Paris, le 11 juillet

L’alliance franco-russe a mal commencé, il semble maintenant qu’elle doive se terminer


fâcheusement. Par alliance franco-russe, j’entends d’un côté un accord dont les termes me sont
inconnus et dont, comme tout le monde, je ne sais rien de plus, sinon qu’il existe. De l’autre côté, je
vois surtout les considérations politiques qui ont permis à cet accord de voir le jour et de durer, en
Russie et – ce qui me concerne plus directement – en France. Petit à petit, certaines idées politiques
se généralisent. Et lorsqu’une idée politique devient générale, elle ne correspond bien souvent plus à
la réalité, elle est déjà vidée de son sens et morte.

***

Le rapprochement entre la France et la Russie – l’une des conséquences les plus tristes du
bouleversement de 1871 – ne pouvait s’exprimer que dans les années 1890. Les sentiments de
sympathie populaire qu’on avait suscités de part et d’autre, ce théâtre raffiné dont la mise en scène
ressemblait à une farce, tout cela ne s’est révélé qu’en 1893, soit vingt ans après les événements qui
en furent la cause. Aujourd’hui encore, j’en ai la nausée.
De l’opinion publique en Russie au début du mouvement, je ne sais pour ainsi dire rien. Je ne
crois d’ailleurs même plus aujourd’hui, malgré les éphémères parlements fantoches et malgré une
liberté de presse très précaire et balbutiante, à l’existence d’une véritable opinion publique en
Russie. Mais je sais que, lorsque l’on déploie les drapeaux, lorsque le ballet de cuirasses commence,
lorsque les soldats défilent en parade, lorsque de rutilants uniformes brodés paradent à cheval ou en
véhicule de gala avec casques et panaches, en toute contrée le peuple amassé jubile, s’enivre et se
presse là où il y a à boire et où l’on tire des feux d’artifice. Je sais qu’on fait ce qu’on veut avec le
peuple, qu’il y a ce qu’on veut : du sang et de l’argent.

***

J’imagine bien que le parti qui maintint le tsar sous sa coupe à la fin des années 1880 et qui
pensait, dans son animosité envers l’Allemagne, contre laquelle il cherchait un soutien économique
et militaire, aux inépuisables économies de la France, ne s’occuperait pas de préparer à une alliance
une opinion publique tout juste présente en Russie. J’imagine aussi que l’aristocratie et la
bourgeoisie russes, celle qui parle et lit le français, celle qui vient déjà chez nous, préfère notre
littérature un peu légère à celle des Allemands.
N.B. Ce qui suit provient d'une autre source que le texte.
(* Let $T$ be a tree of order $n$ with exactly $n_2$ vertices of degree $2$. Then $$b(T)\le \left\lceil \left(n+n_2-\left\lceil\sqrt{n+n_2+0.25}-1.5\right\rceil\right)^{1/2}\right\rceil.$$
   Context: All graphs are finite and simple. Burning process of a connected graph $G$: initially all vertices are unburned. In each round $r\ge 1$, one vertex $x_r$ that is unburned at the end of round $r-1$ is chosen as the source of round $r$; in round $r$ the source $x_r$ becomes burned, and so does every vertex that was unburned at the end of round $r-1$ and is adjacent to a vertex burned at the end of round $r-1$. Burned vertices stay burned. If all vertices are burned at the end of round $k$ (and not earlier), $(x_1,\dots,x_k)$ is called a burning sequence for $G$ of length $k$. The burning number $b(G)$ is the minimum length of a burning sequence for $G$. *)

theory Defs
  imports Complex_Main
begin

definition simple_graph :: "'a set \<Rightarrow> ('a \<Rightarrow> 'a \<Rightarrow> bool) \<Rightarrow> bool" where
  "simple_graph V E \<longleftrightarrow> finite V \<and> (\<forall>u v. E u v \<longrightarrow> u \<in> V \<and> v \<in> V)
     \<and> (\<forall>u v. E u v \<longrightarrow> E v u) \<and> (\<forall>v. \<not> E v v)"

definition connected_graph :: "'a set \<Rightarrow> ('a \<Rightarrow> 'a \<Rightarrow> bool) \<Rightarrow> bool" where
  "connected_graph V E \<longleftrightarrow> V \<noteq> {} \<and> (\<forall>u\<in>V. \<forall>v\<in>V. E\<^sup>*\<^sup>* u v)"

definition is_cycle :: "('a \<Rightarrow> 'a \<Rightarrow> bool) \<Rightarrow> 'a list \<Rightarrow> bool" where
  "is_cycle E cs \<longleftrightarrow> length cs \<ge> 3 \<and> distinct cs
     \<and> (\<forall>i. Suc i < length cs \<longrightarrow> E (cs ! i) (cs ! Suc i)) \<and> E (last cs) (hd cs)"

definition tree :: "'a set \<Rightarrow> ('a \<Rightarrow> 'a \<Rightarrow> bool) \<Rightarrow> bool" where
  "tree V E \<longleftrightarrow> simple_graph V E \<and> connected_graph V E \<and> \<not> (\<exists>cs. is_cycle E cs)"

definition degree :: "'a set \<Rightarrow> ('a \<Rightarrow> 'a \<Rightarrow> bool) \<Rightarrow> 'a \<Rightarrow> nat" where
  "degree V E v = card {u \<in> V. E v u}"

fun burned :: "('a \<Rightarrow> 'a \<Rightarrow> bool) \<Rightarrow> 'a list \<Rightarrow> nat \<Rightarrow> 'a set" where
  "burned E xs 0 = {}"
| "burned E xs (Suc r) = burned E xs r \<union> {xs ! r} \<union> {v. \<exists>u \<in> burned E xs r. E u v}"

definition burning_sequence :: "'a set \<Rightarrow> ('a \<Rightarrow> 'a \<Rightarrow> bool) \<Rightarrow> 'a list \<Rightarrow> bool" where
  "burning_sequence V E xs \<longleftrightarrow>
     (\<forall>r < length xs. xs ! r \<in> V \<and> xs ! r \<notin> burned E xs r)
     \<and> burned E xs (length xs) = V
     \<and> (\<forall>r < length xs. burned E xs r \<noteq> V)"

definition burning_number :: "'a set \<Rightarrow> ('a \<Rightarrow> 'a \<Rightarrow> bool) \<Rightarrow> nat" where
  "burning_number V E = (LEAST k. \<exists>xs. burning_sequence V E xs \<and> length xs = k)"

end

(* Let K be the right-hand side. A greedy procedure with radii K - 1, ..., 1, 0 takes an
   uncovered vertex l farthest from a fixed root and covers everything within distance 2R
   of l by the ball of radius R around the vertex R steps from l towards the root; this
   works by the four-point condition of the tree metric. Either K balls cover the tree, and
   lighting their centres in order burns it within K rounds, or the procedure produces K + 1
   vertices l_0, ..., l_K with dist l_i l_j > 2 (K - 1 - i) for i < j. In the latter case
   the geodesic from l_i (i <= K - 2) to its nearest later point contains K - i internal
   vertices that are far from all later points, hence distinct for different i. So there
   are at least K (K + 1) / 2 - 1 internal vertices, and as n + n_2 >= 2 + 2 (n_2 + n_3 + ...)
   by counting leaves, n + n_2 >= K^2 + K, which the choice of K rules out. *)
theory Submission
  imports Defs "HOL-Library.Transitive_Closure_Table"
begin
Les aristocrates et les bourgeois de tous horizons,
même ceux des contrées allemandes, s’accordent plutôt à dire que les Français sont pleins d’esprit
et galants, qu’ils sont de vrais boute-en-train. On reconnaît le goût parisien, on achète chez nous
toilettes et bijoux. Notre cuisine paraît toujours aussi excellente, et le service dans nos restaurants
développe un art et un sérieux, lié à ses devoirs, qui séduisent la clientèle étrangère et lui en
imposent. Les Parisiennes excellent dans le jeu de l’amour. Cela suffit pour qu’on accoure de toutes
parts chez nous. Car, si l’on sort du cercle très restreint, en Russie comme ailleurs, des intellectuels
et des hommes de goût, je ne m’explique pas autrement la sympathie des Russes pour la France. De
surcroît, cette pure attirance pour le luxe n’est qu’un phénomène de surface, qui reste marginal et
bien souvent inavoué. L’énorme masse des paysans russes, dans son ignorance crasse, sait aussi peu
des Français que des Allemands, de même qu’elle n’a pas non plus ni saisi ni réalisé sa propre
misère.

***

Il n’en va guère mieux de la sympathie des Français pour les Russes. Loin de là. Certes, on
trouve bien chez nous, ici ou là, quelque personne qui a lu Guerre et paix ou Crime et châtiment.
On compte toutefois sur les doigts d’une main ceux qui reconnaissent qu’un Tolstoï est porteur
d’une tradition héritée de Rousseau ou de Stendhal et que le célèbre auteur de La Mort d’Ivan Ilitch
apporte une nouvelle sensibilité et une nouvelle philosophie qui ont, de leur côté, fait fructifier notre
littérature en maints aspects. Très peu de gens seulement savent qu’un auteur comme Dostoïevski a
considérablement élargi notre palette expressive et qu’il a approfondi l’étude de l’homme jusqu’à
ses abîmes les plus sombres. On ne comprend pas très bien chez nous les nouvelles vibrations et
l’embrasement de l’âme d’un Gorki. On ne comprend pas non plus, par exemple, que les Rimski-
Korsakov, Borodine, Balakirev et Moussorgski ont complètement renouvelé la musique de notre
temps.
D’ailleurs, tout cela n’est que balivernes ! Quelle importance cela a-t-il dans l’élan qui pousse
un peuple vers l’autre ?
En France, les politiques qui ont préparé l’alliance, les naïfs promoteurs de ce rapprochement,
comme ceux qui en ont fait une machine électorale, grâce à laquelle les plus ambitieux aspiraient à
entrer dans l’histoire, ont tous spéculé sur les sentiments et les instincts les plus bas qu’on pouvait
réveiller dans ce pays.
Ces instincts, nous les avons vus se déployer sans gêne ni pudeur. Pourtant, les politiques ne
sont que les symptômes d’une maladie dont les origines sont dans l’âme même du peuple. Ils ne
sont en quelque sorte que les ferments d’une ancienne plaie. Soyons sincères ! Les sentiments et les
instincts qu’ils ont réveillés étaient – honte à nous ! – déjà présents en nous auparavant.

***

Le pire de tous est le sentiment de revanche.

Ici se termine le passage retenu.